É preciso ainda, quando se publica para o público infantil (como o próprio Professor frisou, ao preparar seu guia para tradutores em O Senhor dos Anéis) verter nomes de personagens e locais para manter vivas certas brincadeiras com a forma e o conteúdo das palavras. E, nunca, nunca mesmo, excluir os vocábulos “difíceis”, que ainda não fazem parte do repertório de determinadas faixas etárias. Afinal, a leitura literária é, antes de tudo, uma abertura para aquilo que ainda não se conhece, e o próprio Tolkien acreditava na importância de ampliar o vocabulário de nossos pequenos (como ele diz textualmente em “On Fairy-stories”).

Claro, há palavras e expressões intraduzíveis, ou cuja tradução acabaria com alguns divertimentos e graças do original. Como, por exemplo, traduzir “Rover”? Sabemos que “to rove” significa vagar, perambular, andar sem destino certo. E “random” refere-se a algo aleatório, um acaso. Como Rover acaba sendo um nome comum para cãezinhos, mesmo no Brasil, optamos por manter o nome assim mesmo, sem transformá-lo em “Andarilho” ou “Vagabundo”. Porém, um trecho da obra trouxe uma ideia nova:

(…) I did nothing but run away from the time I was a puppy; and I kept on running and roving (…)

(…) tudo que fiz, desde que era um filhotinho, foi fugir; vivia correndo e vagando, roverando (…)

Aquele neologismo que acrescentei, “roverando”, era um gerúndio que podia muito bem servir como o nome alternativo do nosso cãozinho.
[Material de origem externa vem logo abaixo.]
(* For each $k=1,\dots,n-3$ there exists a unique polynomial $\tilde F_k\in\mathbb C[x_0,\dots,x_n,y_1,\dots,y_m]$ such that (1) $\tilde F_k$ is quasi-homogeneous of multi-degree $(b_{0k},\dots,b_{mk})$, where $x_j$ has multi-degree $(w_j,a_{1j},\dots,a_{mj})$ and $y_i$ has multi-degree the $i$-th standard unit vector $(0,\dots,1,\dots,0)$ of $\mathbb Z^{m+1}$ (indices $0,\dots,m$); and (2) $\tilde F_k(x_0,\dots,x_n,1,\dots,1)=F_k(x_0,\dots,x_n)$.
   Context: Let $w_0,\dots,w_n$ be positive integers ($\gcd=1$), $X=V(F_1,\dots,F_{n-3})\subset\mathbb P(\vec w)=[(\mathbb C^{n+1}\setminus0)/\mathbb C^*]$ ($x_i$ of weight $w_i$) a smooth complete intersection, $F_j$ general quasi-homogeneous of degree $b_j$ with $\sum b_j=\sum w_i$, $X$ not in any linear subspace. For $\alpha\in\mathbb Q\cap[0,1)$, $C_\alpha=\{i:\alpha w_i\in\mathbb Z\}$, $\mathbb P_\alpha=\{x_i=0,i\notin C_\alpha\}$, $X_\alpha=X\cap\mathbb P_\alpha$, age $\iota_\alpha=\sum_j\lfloor\alpha b_j\rfloor-\sum_i\lfloor\alpha w_i\rfloor$; for $\dim X_\alpha=0$, $\Lambda\subset C_\alpha$: $U_\Lambda=\{x_k=0\ (k\in\Lambda),x_k\ne0\ (k\in C_\alpha\setminus\Lambda)\}\subset\mathbb P_\alpha$, $\overline{U_\Lambda}=\{x_k=0,k\in\Lambda\}$. Let $\phi_1,\dots,\phi_m$ be (i) $\mathbf 1_{X_\alpha}$ for $\alpha\ne0$, $\dim X_\alpha=1$, $\iota_\alpha=1$; (ii) for $\alpha\ne0$, $\dim X_\alpha=0$, $\iota_\alpha=1$, the classes $\mathbf 1_{\overline{U_\Lambda}\cap X_\alpha}$ for $\Lambda$ with $U_\Lambda\cap X_\alpha\ne\emptyset$; $\alpha_i$ is the sector of $\phi_i$. If $\phi_i$ is of type (i): $a_{ij}=\lfloor\alpha_iw_j\rfloor$ ($0\le j\le n$), $b_{ik}=\lfloor\alpha_ib_k\rfloor$ ($1\le k\le n-3$). If $\phi_i=\mathbf 1_{\overline{U_\Lambda}\cap X_{\alpha_i}}$ is of type (ii): $a_{ij}=\lfloor\alpha_iw_j\rfloor-\delta_\Lambda(j)$, $b_{ik}=\lfloor\alpha_ib_k\rfloor-\delta_\Gamma(k)$, with $\Gamma=\{k:\alpha_ib_k\in\mathbb Z,F_k\text{ identically zero on }U_\Lambda\}$ and $\delta$ indicator functions. Also $b_{0k}=b_k$. *)

theory Defs
  imports Complex_Main "HOL-Library.Poly_Mapping"
begin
Trazia a sensação de movimento; e era mais fácil para uma criança pronunciar que o anterior, com o “m” no final, já que em português muitas palavras terminadas em “m” acabam por ganhar a terminação “ão”. Já para os magos, a ideia foi manter os nomes, pois Tolkien desejava que fossem sonoros, bizarros e engraçados — em Psamatos apenas tirei o “h” de “Psamathos”, e Artaxerxes ficou assim mesmo. Dignos precursores de Radagast, sempre achei.
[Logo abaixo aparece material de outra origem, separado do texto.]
text \<open>The finite set of propositional variables P is the (finite, nonempty) type 'v.
  A valuation is the set of variables it makes true; W_P = UNIV :: 'v set set.\<close>

datatype 'v form = Atom 'v | Top | Bot | Neg "'v form" | And "'v form" "'v form"
  | Or "'v form" "'v form" | Imp "'v form" "'v form"

fun sat :: "'v set \<Rightarrow> 'v form \<Rightarrow> bool" where
  "sat w (Atom p) = (p \<in> w)"
| "sat w Top = True"
| "sat w Bot = False"
| "sat w (Neg f) = (\<not> sat w f)"
| "sat w (And f g) = (sat w f \<and> sat w g)"
| "sat w (Or f g) = (sat w f \<or> sat w g)"
| "sat w (Imp f g) = (sat w f \<longrightarrow> sat w g)"

definition models :: "'v::finite form \<Rightarrow> 'v set set" where
  "models f = {w. sat w f}"

definition entails :: "'v::finite form \<Rightarrow> 'v form \<Rightarrow> bool" (infix "\<turnstile>" 50) where
  "f \<turnstile> g \<longleftrightarrow> models f \<subseteq> models g"

definition fequiv :: "'v::finite form \<Rightarrow> 'v form \<Rightarrow> bool" (infix "\<equiv>\<^sub>F" 50) where
  "f \<equiv>\<^sub>F g \<longleftrightarrow> models f = models g"

definition consistent :: "'v::finite form \<Rightarrow> bool" where
  "consistent f \<longleftrightarrow> \<not> (f \<turnstile> Bot)"

text \<open>Epistemic states are elements of the type 'e (types are nonempty).
  B maps each epistemic state to a formula; its image modulo equivalence
  is exactly the set of consistent formulas.\<close>

definition epistemic_space :: "('e \<Rightarrow> 'v::finite form) \<Rightarrow> bool" where
  "epistemic_space B \<longleftrightarrow> (\<forall>E. consistent (B E)) \<and>
     (\<forall>\<phi>. consistent \<phi> \<longrightarrow> (\<exists>E. B E \<equiv>\<^sub>F \<phi>))"

text \<open>Agents are elements of a well-ordered type 'a. A profile on a society N
  (nonempty finite set of agents) is a partial map with domain N.\<close>

definition is_profile :: "('a \<rightharpoonup> 'e) \<Rightarrow> bool" where
  "is_profile \<Phi> \<longleftrightarrow> finite (dom \<Phi>) \<and> dom \<Phi> \<noteq> {}"

definition entries :: "('a::wellorder \<rightharpoonup> 'e) \<Rightarrow> 'e list" where
  "entries \<Phi> = map (\<lambda>i. the (\<Phi> i)) (sorted_list_of_set (dom \<Phi>))"

definition prof_equiv :: "('a::wellorder \<rightharpoonup> 'e) \<Rightarrow> ('a \<rightharpoonup> 'e) \<Rightarrow> bool" where
  "prof_equiv \<Phi> \<Psi> \<longleftrightarrow> entries \<Phi> = entries \<Psi>"

definition is_partition2 :: "'a set \<Rightarrow> 'a set \<Rightarrow> 'a set \<Rightarrow> bool" where
  "is_partition2 N N1 N2 \<longleftrightarrow> N1 \<noteq> {} \<and> N2 \<noteq> {} \<and> N1 \<inter> N2 = {} \<and> N1 \<union> N2 = N"

definition bigconj :: "('e \<Rightarrow> 'v::finite form) \<Rightarrow> ('a::wellorder \<rightharpoonup> 'e) \<Rightarrow> 'v form" where
  "bigconj B \<Phi> = foldr And (map B (entries \<Phi>)) Top"

type_synonym ('a, 'e) esop = "('a \<rightharpoonup> 'e) \<Rightarrow> 'e \<Rightarrow> 'e"

definition ESF1 :: "('e \<Rightarrow> 'v::finite form) \<Rightarrow> ('a::wellorder, 'e) esop \<Rightarrow> bool" where
  "ESF1 B nab \<longleftrightarrow> (\<forall>\<Phi> E. is_profile \<Phi> \<longrightarrow> B (nab \<Phi> E) \<turnstile> B E)"

definition ESF2 :: "('e \<Rightarrow> 'v::finite form) \<Rightarrow> ('a::wellorder, 'e) esop \<Rightarrow> bool" where
  "ESF2 B nab \<longleftrightarrow> (\<forall>\<Phi> \<Phi>' E E'. is_profile \<Phi> \<longrightarrow> is_profile \<Phi>' \<longrightarrow>
     prof_equiv \<Phi> \<Phi>' \<longrightarrow> B E \<equiv>\<^sub>F B E' \<longrightarrow> B (nab \<Phi> E) \<equiv>\<^sub>F B (nab \<Phi>' E'))"

definition ESF3 :: "('e \<Rightarrow> 'v::finite form) \<Rightarrow> ('a::wellorder, 'e) esop \<Rightarrow> bool" where
  "ESF3 B nab \<longleftrightarrow> (\<forall>\<Phi> E E' E''. is_profile \<Phi> \<longrightarrow> B E \<equiv>\<^sub>F And (B E') (B E'') \<longrightarrow>
     And (B (nab \<Phi> E')) (B E'') \<turnstile> B (nab \<Phi> E))"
Tenho netos: um de 9 anos e um que tem 5. Era neles que pensava ao traduzir “Roverando”, da mesma forma que Tolkien inventou a história para seus próprios meninos (John tinha 9, Michael quase 5 e Christopher menos de um ano). Se os meninos Um, Dois e Três se encantaram, nosso desejo é de que os novos leitores também se encantem, divirtam-se e (quem sabe?) fiquem menos tristes ao perder um brinquedo, imaginando que ele possa, neste momento, estar na lua ou no fundo do mar pela ação de algum mago esquisito…
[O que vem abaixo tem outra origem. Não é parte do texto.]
(* Let $x\in Y$. Then the orbit $W^v.x$ is bounded above for $\le_{Q^\vee}$ (i.e. there is $y\in Y$ with $z\le_{Q^\vee}y$ for all $z\in W^v.x$) if and only if $x\in Y^+$.
   Context: $I$ finite, $A=(a_{i,j})$ a generalized Cartan matrix, $X,Y$ dual free $\mathbb Z$-modules of finite rank with free families $(\alpha_i)\subset X$, $(\alpha_i^\vee)\subset Y$, $\alpha_j(\alpha_i^\vee)=a_{i,j}$; $\mathbb A=Y\otimes\mathbb R$; $r_i(v)=v-\alpha_i(v)\alpha_i^\vee$; $W^v=\langle r_i:i\in I\rangle$; $Q^\vee_+=\bigoplus\mathbb N\alpha_i^\vee$, $x\le_{Q^\vee}y$ iff $y-x\in Q^\vee_+$; $C^v_f=\{v:\alpha_i(v)>0\ \forall i\}$; Tits cone $\mathcal T=\bigcup_{w\in W^v}w\overline{C^v_f}$; $Y^+=Y\cap\mathcal T$. *)

theory Defs
  imports "HOL-Analysis.Analysis"
begin

text \<open>The real vector space A = Y (x) R is modelled as real^'n (rank n = CARD('n));
  Y is the integer lattice in it; X = Hom(Y,Z) is identified with Z^n via the dual
  basis, so alpha(v) is the inner product alpha \<bullet> v.\<close>

definition Ylat :: "(real^'n) set" where
  "Ylat = {v. \<forall>k. v $ k \<in> \<int>}"

definition gen_cartan :: "('i \<Rightarrow> 'i \<Rightarrow> int) \<Rightarrow> bool" where
  "gen_cartan A \<longleftrightarrow> (\<forall>i. A i i = 2) \<and> (\<forall>i j. i \<noteq> j \<longrightarrow> A i j \<le> 0)
     \<and> (\<forall>i j. A i j = 0 \<longleftrightarrow> A j i = 0)"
[1]     Traduzi, por exemplo, o conto “Little Dot” – “Manchinha” – de Diana Wynne Jones, para a obra Firebirds (Org. De Sharyn November – São Paul: DCL, 2008) e “The Tale of Peter Rabbit” – “A História de Pedro Coelho” – de Beatrix Potter (São Paulo: Ed. Barbatana, 2017).


Rosana Rios é autora de Literatura Fantástica, Infantil e Juvenil desde 1986, e lê Tolkien desde 1990.



1 thoughts on “Curiosidades e tolkienices de quem esteve roverandando

  1. Estou bastante ansioso para leitura desta tradução! A Harper que já vinha acertando ao convocar fãs e conhecedores de longa data da obra do professor, deu mais um tiro certíssimo; já que a Rosana Rios congrega seu conhecimento da obra, com larga experiência em ficção para crianças. O trabalho gráfico casado com essa tradução certamente competente, fazem dessa mais um belo livro que temos aqui. Fico somente na expectativa de uma edição “ampliada” considerando o material extra que a mesma possui; mas entendo a opção de retirá-lo de um volume mais voltado para crianças.